Vous dites que l’imperfection de la société est parfois salutaire, et que la technologie ne devrait pas s’y attaquer. Avez-vous un exemple ?
Je ne veux pas d’un système qui applique des décisions automatiquement. Je ne veux pas d’un système qui vous empêche de pénétrer dans une certaine zone d’une ville si le système pense que vous êtes susceptible de commettre un délit. Ce n’est pas une question de technologie, mais plutôt de la manière dont on met en place une règle. Bien sûr, on peut souscrire à l’idée que l’Etat doit être une bureaucratie qui ne déroge jamais à la règle et considérer qu’y déroger ne peut causer que des problèmes. Mais je viens d’un pays d’Europe de l’Est, et je sais qu’un système comme cela peut être mis en place de manière si injuste que la seule manière de s’en sortir est de contourner le système. Si on a un système très strict, avec des caméras partout, de la biométrie, qui ne laisse aucune marge de manœuvre, alors on va finirdans un système kafkaïen.
A plusieurs reprises vous semblez regretter la disparition d’une certaine forme d’expertise, d’élites traditionnelles. N’est-ce pas une vision oligarchique ?

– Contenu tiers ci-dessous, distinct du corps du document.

text \<open>Fix the position k, let a be the k-th job and t = t*_a, and let B be the first k jobs,
  so t*_b \<le> t for b \<in> B. Lifting the constraints of K~ by the level-one Sherali--Adams
  products with x_{a,i,s}, the overlap y_{a,b} counts the mass of b placed in the same block
  as a. Since b has mass at least 1 - \<epsilon> by time t*_b \<le> t, at most \<epsilon> of this overlap lies
  after time t. The remaining overlaps, summed over b \<in> B, are bounded by the machine
  capacity conditioned on x_{a,i,s}: at most t units per block, hence at most t in total.
  Together with y_{a,b} \<ge> 1 - \<epsilon> this gives k (1 - 2\<epsilon>) \<le> t, and 1 - 2\<epsilon> \<ge> 1/2.\<close>

lemma SA_row_le:
  assumes "Y \<in> SA r V rows" "(a, b) \<in> rows" "I \<subseteq> V" "card I \<le> r"
  shows "b * Y I \<le> (\<Sum>v\<in>V. a v * Y (I \<union> {v}))"
proof -
  have "\<forall>I J'. I \<subseteq> V \<longrightarrow> J' \<subseteq> V \<longrightarrow> card I + card J' \<le> r \<longrightarrow>
      (\<Sum>H\<in>Pow J'. (-1) ^ card H * ((\<Sum>v\<in>V. a v * Y (I \<union> H \<union> {v})) - b * Y (I \<union> H))) \<ge> 0"
    using assms(1,2) unfolding SA_def by fastforce
  from this[rule_format, of I "{}"] show ?thesis using assms(3,4) by simp
qed

lemma finite_Vars: "finite J \<Longrightarrow> finite (Vars J c S m)"
proof -
  assume "finite J"
  moreover have "Vars J c S m = (\<lambda>(j, i, t). Zv j i t) ` (J \<times> {1..m} \<times> {1..S*c})
      \<union> (\<lambda>(j, i, s). Xv j i s) ` (J \<times> {1..m} \<times> {..<S})"
    unfolding Vars_def by (auto simp: image_iff)
  ultimately show ?thesis by simp
qed

lemma sum_Vars:
  assumes "finite J"
  shows "(\<Sum>v\<in>Vars J c S m. g v) = (\<Sum>j\<in>J. \<Sum>i\<in>{1..m}. \<Sum>t\<in>{1..S*c}. g (Zv j i t))
     + (\<Sum>j\<in>J. \<Sum>i\<in>{1..m}. \<Sum>s<S. g (Xv j i s))"
proof -
  define fZ where "fZ = (\<lambda>(j::'a, i::nat, t::nat). Zv j i t)"
  define fX where "fX = (\<lambda>(j::'a, i::nat, s::nat). Xv j i s)"
  define AZ where "AZ = J \<times> {1..m} \<times> {1..S*c}"
  define AX where "AX = J \<times> {1..m} \<times> {..<S}"
  have "Vars J c S m = fZ ` AZ \<union> fX ` AX"
    unfolding Vars_def fZ_def fX_def AZ_def AX_def by (auto simp: image_iff)
  moreover have "fZ ` AZ \<inter> fX ` AX = {}" "inj_on fZ AZ" "inj_on fX AX"
    unfolding fZ_def fX_def by (auto simp: inj_on_def)
  moreover have "finite AZ" "finite AX" using assms unfolding AZ_def AX_def by auto
  ultimately have "(\<Sum>v\<in>Vars J c S m. g v) = sum g (fZ ` AZ) + sum g (fX ` AX)"
    by (simp add: sum.union_disjoint)
  also have "\<dots> = sum (g \<circ> fZ) AZ + sum (g \<circ> fX) AX"
    using \<open>inj_on fZ AZ\<close> \<open>inj_on fX AX\<close> by (simp add: sum.reindex)
  finally show ?thesis
    unfolding AZ_def AX_def fZ_def fX_def by (simp add: sum.cartesian_product split_def)
qed

lemma Iblk_subset: "s < S \<Longrightarrow> Iblk c s \<subseteq> {1..S*c}"
proof -
  assume "s < S"
  then have "c * (s + 1) \<le> S * c" by (metis Suc_eq_plus1 Suc_leI mult.commute mult_le_mono2)
  then show ?thesis unfolding Iblk_def by auto
qed

lemma finite_Iblk: "finite (Iblk c s)"
  unfolding Iblk_def by simp

lemma sum_Iblk_partition: "(\<Sum>s<S. \<Sum>t\<in>Iblk c s. f t) = (\<Sum>t\<in>{1..S*c}. (f t :: real))"
proof (induction S)
  case 0
  then show ?case by simp
next
  case (Suc S)
  have "{1..Suc S * c} = {1..S*c} \<union> Iblk c S" "{1..S*c} \<inter> Iblk c S = {}"
    unfolding Iblk_def by (auto simp: algebra_simps)
  then have "(\<Sum>t\<in>{1..Suc S * c}. f t) = (\<Sum>t\<in>{1..S*c}. f t) + (\<Sum>t\<in>Iblk c S. f t)"
    by (simp add: sum.union_disjoint Iblk_def)
  then show ?case using Suc by simp
qed

lemma if_zero_mult: "(if P then a else 0) * x = (if P then a * x else (0::real))"
  by simp

lemma sum_if_const_cond: "(\<Sum>x\<in>A. if P then f x else 0) = (if P then sum f A else (0::real))"
  by simp

lemma if_conj_zero: "(if P \<and> Q then x else (0::real)) = (if P then if Q then x else 0 else 0)"
  by simp

lemma if_neg_zero: "(if P then - x else 0) = - (if P then x else (0::real))"
  by simp

lemmas row_simps = sum_Vars if_zero_mult sum_if_const_cond sum.delta sum.delta' if_conj_zero

locale SA_schedule =
  fixes J :: "'a set" and prec :: "'a \<Rightarrow> 'a \<Rightarrow> bool" and c S m r :: nat
    and Y :: "'a lpvar set \<Rightarrow> real"
  assumes finite_J: "finite J"
    and Y_SA: "Y \<in> SA r (Vars J c S m) (Krows J prec c S m)"
    and one_le_r: "1 \<le> r"
begin

abbreviation (input) V where "V \<equiv> Vars J c S m"

lemma lifted_assignment:
  assumes I: "I \<subseteq> V" "card I \<le> r" and j: "j \<in> J"
  shows "(\<Sum>i\<in>{1..m}. \<Sum>t\<in>{1..S*c}. Y (I \<union> {Zv j i t})) = Y I"
proof -
  let ?a = "\<lambda>v. case v of Zv j' i t \<Rightarrow> if j' = j then 1 else (0::real) | Xv _ _ _ \<Rightarrow> 0"
  let ?a' = "\<lambda>v. case v of Zv j' i t \<Rightarrow> if j' = j then -1 else (0::real) | Xv _ _ _ \<Rightarrow> 0"
  have rows: "(?a, 1) \<in> Krows J prec c S m" "(?a', -1) \<in> Krows J prec c S m"
    using j unfolding Krows_def by blast+
  have "(\<Sum>v\<in>V. ?a v * Y (I \<union> {v})) = (\<Sum>i\<in>{1..m}. \<Sum>t\<in>{1..S*c}. Y (I \<union> {Zv j i t}))"
    "(\<Sum>v\<in>V. ?a' v * Y (I \<union> {v})) = - (\<Sum>i\<in>{1..m}. \<Sum>t\<in>{1..S*c}. Y (I \<union> {Zv j i t}))"
    using finite_J j by (simp_all add: row_simps sum_negf)
  then show ?thesis using SA_row_le[OF Y_SA rows(1) I] SA_row_le[OF Y_SA rows(2) I] by simp
qed

lemma lifted_capacity:
  assumes I: "I \<subseteq> V" "card I \<le> r" and it: "i \<in> {1..m}" "t \<in> {1..S*c}"
  shows "(\<Sum>j\<in>J. Y (I \<union> {Zv j i t})) \<le> Y I"
proof -
  let ?a = "\<lambda>v. case v of Zv j i' t' \<Rightarrow> if i' = i \<and> t' = t then -1 else (0::real) | Xv _ _ _ \<Rightarrow> 0"
  have row: "(?a, -1) \<in> Krows J prec c S m" using it unfolding Krows_def by blast
  have "(\<Sum>v\<in>V. ?a v * Y (I \<union> {v})) = - (\<Sum>j\<in>J. Y (I \<union> {Zv j i t}))"
    using finite_J it by (simp add: row_simps sum_negf)
  then show ?thesis using SA_row_le[OF Y_SA row I] by simp
qed

lemma lifted_nonneg:
  assumes I: "I \<subseteq> V" "card I \<le> r" and jit: "j \<in> J" "i \<in> {1..m}" "t \<in> {1..S*c}"
  shows "0 \<le> Y (I \<union> {Zv j i t})"
proof -
  let ?a = "\<lambda>v. if v = Zv j i t then 1 else (0::real)"
  have row: "(?a, 0) \<in> Krows J prec c S m" using jit unfolding Krows_def by blast
  have "Zv j i t \<in> V" using jit unfolding Vars_def by blast
  then have "(\<Sum>v\<in>V. ?a v * Y (I \<union> {v})) = Y (I \<union> {Zv j i t})"
    using finite_Vars[OF finite_J] by (simp add: if_zero_mult sum.delta')
  then show ?thesis using SA_row_le[OF Y_SA row I] by simp
qed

Non, je ne pense pas. C’est une façon de signaler qu’il y a des autorités et de l’expertise qui fonctionnent différemment de la simple agrégation des opinions des utilisateurs ou des citoyens. C’est une façon de procéder qui doit être défendue. Il est absurde que la Silicon Valley se félicite d’avoir des milliers de critiques pour un livre sur Amazon au lieu d’une seule dans la New York Review of Books. Ce sont deux choses différentes. Ce n’est pas que l’une soit meilleure que l’autre, nous devons les encourager toutes les deux, mais elles fonctionnent différemment.
Sur l’aspect plus politique, les efforts pour réformer la politique entrepris par la Silicon Valley ne sont pas sous-tendus par une vision sophistiquée de la politique. Ces gens n’ont pas compris ce que c’est que représenter. Ils ne savent pas ce que les hommes politiques font depuis des siècles. Ça ne veut pas dire que le système actuel fonctionne, au contraire, mais je ne pense pas que remplacer un système qui ne fonctionne pas par un autre qui ne fonctionne pas non plus soit un succès.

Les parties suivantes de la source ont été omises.